In physics, spin is defined as the quantized intrinsic angular momentum of a particle—it is not related to the physical spin of the particle. But in prior work, physicists have theorized that physically spinning a particle should force a change in its spin state. In this new effort, the researchers have proven that theory by carrying out a complicated experiment.
Testing whether spinning a particle changes its spin required overcoming two major hurdles: how to make sure that any changes in spin were due to the particle being spun versus other environmental factors, and how to measure the spin of a particle that is physically spinning.
The exercise involved first mounting a thin slice of a special kind of diamond with nitrogen vacancies (NVs) to a base that could be spun at 200,000 rpm.
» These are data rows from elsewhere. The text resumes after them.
lemma is_Lsup_Limage_point_of:
  assumes "Lsubset P D" and D: "Ldirected P (e::'a \<Rightarrow> 'a \<Rightarrow> 'l) D" and S: "is_Lsup P e D s"
  shows "is_Lsup (pts P e) (pt_order P e) (Limage (point_of P e) P D) (point_of P e s)"
proof -
  have "pt_join P e (Limage (point_of P e) P D) = point_of P e s"
  proof
    fix A
    show "pt_join P e (Limage (point_of P e) P D) A = point_of P e s A"
    proof (cases "A \<in> scott P e")
      case True
      then show ?thesis
        using scott_eq_SUP[OF True \<open>Lsubset P D\<close> D S]
        by (simp add: pt_join_Limage_point_of point_of_def inf_commute)
    qed (simp add: pt_join_def point_of_def)
  qed
  then show ?thesis using is_Lsup_pt_join[OF Ldirected_Limage_point_of[OF D]] by simp
qed

lemma scott_pts_comp_point_of:
  assumes U: "U \<in> scott (pts P e) (pt_order P (e::'a \<Rightarrow> 'a \<Rightarrow> 'l))"
  shows "(\<lambda>x. if x \<in> P then U (point_of P e x) else bot) \<in> scott P e"
    (is "?A \<in> _")
proof (rule scottI)
  show "Lsubset P ?A" by (simp add: Lsubset_def)
  have "inf (U (point_of P e x)) (e x y) \<le> U (point_of P e y)" if "x \<in> P" "y \<in> P" for x y
    by (rule order_trans[OF inf_mono[OF order_refl le_pt_order_point_of[OF that]]
          scott_upper[OF U point_of_pts[OF that(1)] point_of_pts[OF that(2)]]])
  then show "Lupper P e ?A" by (simp add: Lupper_def)
  fix D s assume D: "Lsubset P D" "Ldirected P e D" "is_Lsup P e D s"
  have "U (point_of P e s)
      = (SUP q\<in>pts P e. inf (U q) (Limage (point_of P e) P D q))"
    using scott_eq_SUP[OF U Lsubset_Limage[OF point_of_image] Ldirected_Limage_point_of[OF D(2)]
        is_Lsup_Limage_point_of[OF D]] .
  also have "\<dots> = (SUP x\<in>P. inf (D x) (U (point_of P e x)))"
    using SUP_Limage_inf[OF point_of_image, where D=D and G=U] by (simp add: inf_commute)
  finally show "?A s = (SUP x\<in>P. inf (?A x) (D x))"
    using is_Lsup_mem[OF D(3)] by (simp add: inf_commute cong: SUP_cong)
qed

section \<open>Continuous \<open>L\<close>-ordered sets\<close>

context
  fixes P :: "'a set" and e :: "'a \<Rightarrow> 'a \<Rightarrow> 'l"
  assumes cont: "cont_Lordered P e"
begin

lemma Lorder_cont: "Lorder P e"
  using cont by (simp add: cont_Lordered_def)

lemma Ldirected_wayb: "x \<in> P \<Longrightarrow> Ldirected P e (wayb P e x)"
  using cont by (simp add: cont_Lordered_def)

lemma is_Lsup_wayb: "x \<in> P \<Longrightarrow> is_Lsup P e (wayb P e x) x"
  using cont by (simp add: cont_Lordered_def)

lemma wayb_comp_ge:
  "z \<in> P \<Longrightarrow> y \<in> P \<Longrightarrow> inf (wayb P e x z) (wayb P e z y) \<le> wayb_comp P e x y"
  unfolding wayb_comp_def by (auto intro: SUP_upper2)

lemma wayb_comp_inf_le:
  assumes "x \<in> P" "y1 \<in> P" "y2 \<in> P"
  shows "inf (wayb_comp P e x y1) (wayb_comp P e x y2)
    \<le> (SUP y\<in>P. inf (wayb_comp P e x y) (inf (e y1 y) (e y2 y)))"
proof -
  let ?w = "wayb P e"
  have "(SUP z\<in>P. inf (?w x z) (inf (?w z y1) (?w z y2)))
      = inf (SUP z\<in>P. inf (?w x z) (?w z y1)) (SUP z\<in>P. inf (?w x z) (?w z y2))"
    using Ldirected_wayb[OF \<open>x \<in> P\<close>] by (rule Ldirected_SUP_inf_eq)
      (simp_all add: wayb_upper[OF Lorder_cont] assms)
  then have "inf (wayb_comp P e x y1) (wayb_comp P e x y2)
      = (SUP z\<in>P. inf (?w x z) (inf (?w z y1) (?w z y2)))"
    using assms by (simp add: wayb_comp_def)
  also have "\<dots> \<le> (SUP y\<in>P. inf (wayb_comp P e x y) (inf (e y1 y) (e y2 y)))"
  proof (rule SUP_least)
    fix z assume "z \<in> P"
    have "inf (?w x z) (inf (?w z y1) (?w z y2))
        \<le> inf (?w x z) (SUP y\<in>P. inf (?w z y) (inf (e y1 y) (e y2 y)))"
      using Ldirected_inf_le[OF Ldirected_wayb[OF \<open>z \<in> P\<close>] assms(2,3)]
      by (rule inf_mono[OF order_refl])
    also have "\<dots> \<le> (SUP y\<in>P. inf (wayb_comp P e x y) (inf (e y1 y) (e y2 y)))"
    proof (rule inf_SUP_leI)
      fix y assume "y \<in> P"
      have "inf (?w x z) (inf (?w z y) (inf (e y1 y) (e y2 y)))
          = inf (inf (?w x z) (?w z y)) (inf (e y1 y) (e y2 y))"
        by (simp add: ac_simps)
      also have "\<dots> \<le> inf (wayb_comp P e x y) (inf (e y1 y) (e y2 y))"
        using wayb_comp_ge[OF \<open>z \<in> P\<close> \<open>y \<in> P\<close>] by (rule inf_mono) simp
      also have "\<dots> \<le> (SUP y\<in>P. inf (wayb_comp P e x y) (inf (e y1 y) (e y2 y)))"
        using \<open>y \<in> P\<close> by (rule SUP_upper)
      finally show "inf (?w x z) (inf (?w z y) (inf (e y1 y) (e y2 y)))
          \<le> (SUP y\<in>P. inf (wayb_comp P e x y) (inf (e y1 y) (e y2 y)))" .
    qed
    finally show "inf (?w x z) (inf (?w z y1) (?w z y2))
        \<le> (SUP y\<in>P. inf (wayb_comp P e x y) (inf (e y1 y) (e y2 y)))" .
  qed
  finally show ?thesis .
qed
(* Let $\ell_E$ be a symmetric sequence space which does not coincide with $c_0$ or $\ell_\infty$ (up to equivalent norms). Then there exists a reflexive symmetric sequence space $\ell_F$ such that $\ell_F\supset\ell_E$.
   Context: For a bounded sequence $x$, $\mu(x)$ denotes the decreasing rearrangement of $|x|$. A symmetric sequence space is a linear subspace $\ell_E\subset\ell_\infty$ with a complete norm such that $x\in\ell_\infty$, $y\in\ell_E$, $\mu(x)\le\mu(y)$ imply $x\in\ell_E$ and $\|x\|_{\ell_E}\le\|y\|_{\ell_E}$. *)

theory Defs
  imports Complex_Main
begin

type_synonym seq = "nat \<Rightarrow> real"

definition linf :: "seq set" where
  "linf = {x. \<exists>B. \<forall>k. \<bar>x k\<bar> \<le> B}"

definition c0 :: "seq set" where
  "c0 = {x. x \<longlonglongrightarrow> 0}"

definition decr_rearr :: "seq \<Rightarrow> seq" where
  "decr_rearr x n = Inf {s. 0 \<le> s \<and> finite {k. \<bar>x k\<bar> > s} \<and> card {k. \<bar>x k\<bar> > s} \<le> n}"

definition lin_subspace :: "seq set \<Rightarrow> bool" where
  "lin_subspace L \<longleftrightarrow> (\<lambda>k. 0) \<in> L \<and> (\<forall>x\<in>L. \<forall>y\<in>L. (\<lambda>k. x k + y k) \<in> L)
     \<and> (\<forall>c::real. \<forall>x\<in>L. (\<lambda>k. c * x k) \<in> L)"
NVs are instances of nitrogen atoms within the carbon lattice adjacent to a vacancy. In such cases, an atom is left unpaired, which means it interacts with other atoms around it—resulting in an isolated spin. With the test diamond, the NVs were sparse, making it possible to test the spin state in isolation.
To study a particular NV as it was spun, the researchers applied different kinds of light—a green light pulse put the spin in a lower energy state and then a microwave pulse was fired at the particle. By measuring the fluorescence emitted, the team was able to confirm that the spin had changed due to the rotation of the diamond, proving the theory correct.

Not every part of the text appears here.